Rotational excitation ofN2by electron impact: 1-4 eV

Abstract

Rotational and rotational-vibrational ($v=0\mathrm{}\to 1$) excitation in ${\mathrm{N}}_2$ have been studied with a crossed-beam electron-impact apparatus. In the energy range 1-4 eV, the elastic and vibrational energy-loss peaks show large rotational broadening compared with the apparatus profile (full width at half-maximum, 18 meV).

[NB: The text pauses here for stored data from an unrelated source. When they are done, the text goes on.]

lemma integral_util:
  assumes "real_distribution N"
  shows "(\<integral>y. util B v k x y \<partial>N) = pure_util B v k N x"
proof -
  interpret real_distribution N by fact
  have "util B v k x y =
      v k * indicator {..<x} y + v k * win_prob B v k x x * indicator {x} y - x" for y
    by (cases "y < x"; cases "y = x") (simp_all add: util_def win_prob_def)
  then have util_eq: "util B v k x =
      (\<lambda>y. v k * indicator {..<x} y + v k * win_prob B v k x x * indicator {x} y - x)" ..
  have "integrable N (indicator A :: real \<Rightarrow> real)" if "A \<in> sets borel" for A
    using that by (intro integrable_real_indicator) (auto simp: less_top[symmetric])
  moreover have "prob UNIV = 1" using prob_space by simp
  ultimately show ?thesis
    unfolding pure_util_def util_eq
    by (subst Bochner_Integration.integral_diff) (auto simp: algebra_simps)
qed

lemma borel_measurable_util:
  assumes "sets M = sets borel" "sets N = sets borel"
  shows "(\<lambda>p. util B v k (fst p) (snd p)) \<in> borel_measurable (M \<Otimes>\<^sub>M N)"
proof -
  have "sets (M \<Otimes>\<^sub>M N) = sets (borel \<Otimes>\<^sub>M borel)"
    using assms by (intro sets_pair_measure_cong)
  moreover have "(\<lambda>p. util B v k (fst p) (snd p)) \<in> borel_measurable (borel \<Otimes>\<^sub>M borel)"
    unfolding util_def win_prob_def by measurable
  ultimately show ?thesis by (simp cong: measurable_cong_sets)
qed

lemma borel_measurable_pure_util:
  assumes "real_distribution N"
  shows "pure_util B v k N \<in> borel_measurable borel"
proof -
  interpret real_distribution N by fact
  have "(\<lambda>p. util B v k (fst p) (snd p)) \<in> borel_measurable (borel \<Otimes>\<^sub>M N)"
    by (rule borel_measurable_util) simp_all
  then have "(\<lambda>x. \<integral>y. util B v k x y \<partial>N) \<in> borel_measurable borel"
    by (intro borel_measurable_lebesgue_integral) (simp add: case_prod_beta')
  then show ?thesis using integral_util[OF assms] by simp
qed

lemma exp_util_eq_integral:
  assumes M: "mixed_strategy b M" and N: "real_distribution N" and "v k \<ge> 0"
  shows "exp_util B v k M N = (\<integral>x. pure_util B v k N x \<partial>M)"
proof -
  interpret M: real_distribution M using M by (rule mixed_strategy_real_distribution)
  interpret N: real_distribution N by fact
  interpret pair_prob_space M N
    by (simp add: pair_prob_space_def pair_sigma_finite_def M.prob_space_axioms N.prob_space_axioms
        prob_space_imp_sigma_finite)
  have meas: "(\<lambda>p. util B v k (fst p) (snd p)) \<in> borel_measurable (M \<Otimes>\<^sub>M N)"
    by (rule borel_measurable_util) simp_all
  have bound: "\<bar>util B v k x y\<bar> \<le> v k + b" if "x \<in> {0..b}" for x y
  proof -
    have "0 \<le> v k * win_prob B v k x y" "v k * win_prob B v k x y \<le> v k"
      using win_prob_bounds[of B v k x y] \<open>v k \<ge> 0\<close> by (auto intro: mult_left_le)
    then show ?thesis using that unfolding util_def by auto
  qed
  have "AE x in M. AE y in N. \<bar>util B v k (fst (x, y)) (snd (x, y))\<bar> \<le> v k + b"
    using mixed_strategy_AE[OF M] by eventually_elim (simp add: bound)
  then have "AE p in M \<Otimes>\<^sub>M N. \<bar>util B v k (fst p) (snd p)\<bar> \<le> v k + b"
    by (rule AE_pair_measure[rotated]) (use meas in measurable)
  then have "AE p in M \<Otimes>\<^sub>M N. norm (util B v k (fst p) (snd p)) \<le> norm (v k + b)"
    by eventually_elim simp
  then have "integrable (M \<Otimes>\<^sub>M N) (\<lambda>p. util B v k (fst p) (snd p))"
    by (rule Bochner_Integration.integrable_bound[OF P.integrable_const meas])
  then have "exp_util B v k M N = (\<integral>x. (\<integral>y. util B v k x y \<partial>N) \<partial>M)"
    unfolding exp_util_def using integral_fst' by fastforce
  then show ?thesis by (simp add: integral_util[OF N])
qed

section \<open>Equilibria\<close>

locale all_pay_equilibrium =
  fixes B v :: "nat \<Rightarrow> real" and F :: "nat \<Rightarrow> real measure"
  assumes budgets: "\<forall>i\<in>{1,2}. B i \<ge> 0"
    and vals: "\<forall>i\<in>{1,2}. v i > 0"
    and eq: "nash B v F"
begin

lemma strategy: "k \<in> {1,2} \<Longrightarrow> mixed_strategy (B k) (F k)"
  using eq unfolding nash_def by blast

lemma distr: "k \<in> {1,2} \<Longrightarrow> real_distribution (F k)"
  using strategy by (rule mixed_strategy_real_distribution)

lemma val_pos: "k \<in> {1,2} \<Longrightarrow> 0 < v k"
  using vals by auto

lemma budget_nonneg: "k \<in> {1,2} \<Longrightarrow> 0 \<le> B k"
  using budgets by auto

lemma pure_util_bounds:
  assumes "k \<in> {1,2}" "l \<in> {1,2}"
  shows "v k * measure (F l) {..<x} - x \<le> pure_util B v k (F l) x"
    and "pure_util B v k (F l) x \<le> v k * measure (F l) {..x} - x"
  using val_pos[OF assms(1)] pure_util_ge[where v=v and k=k]
    pure_util_le[where v=v and k=k, OF distr[OF assms(2)]] by simp_all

The branching ratios for rotational transitions with $\Delta j=0, \pm 2, \pm 4$ are obtained with a line-shape analysis applied to the energy-loss profiles. The results for rotational-vibrational excitation at 2.27 eV and scattering angles 30-90° are in good agreement with the calculations using the resonant $d\pi$ waves and the rotational impulse approximation. The corresponding results for pure rotational excitation show that the branches with $\Delta j=\pm 2 \mathrm{and} \pm 4$ are predominantly excited via resonances, while the branch with $\Delta j=0\mathrm{}$ contains a large contribution from direct scattering. The absolute rotational cross sections for $\Delta j=\pm 4$ are measured; they exhibit a large magnitude (${10}^{-16\mathrm{}}$ ${\mathrm{cm}}^2$) and peak and valley structures in the 1-4 eV range, reminiscent of well-known resonant vibrational excitation. The energy dependence and the absolute magnitude of the rotational cross sections for $\Delta j=\pm 4$ can be understood in terms of a "boomerang" calculation. A comparison of the experiment with the relevant theoretical calculations is made.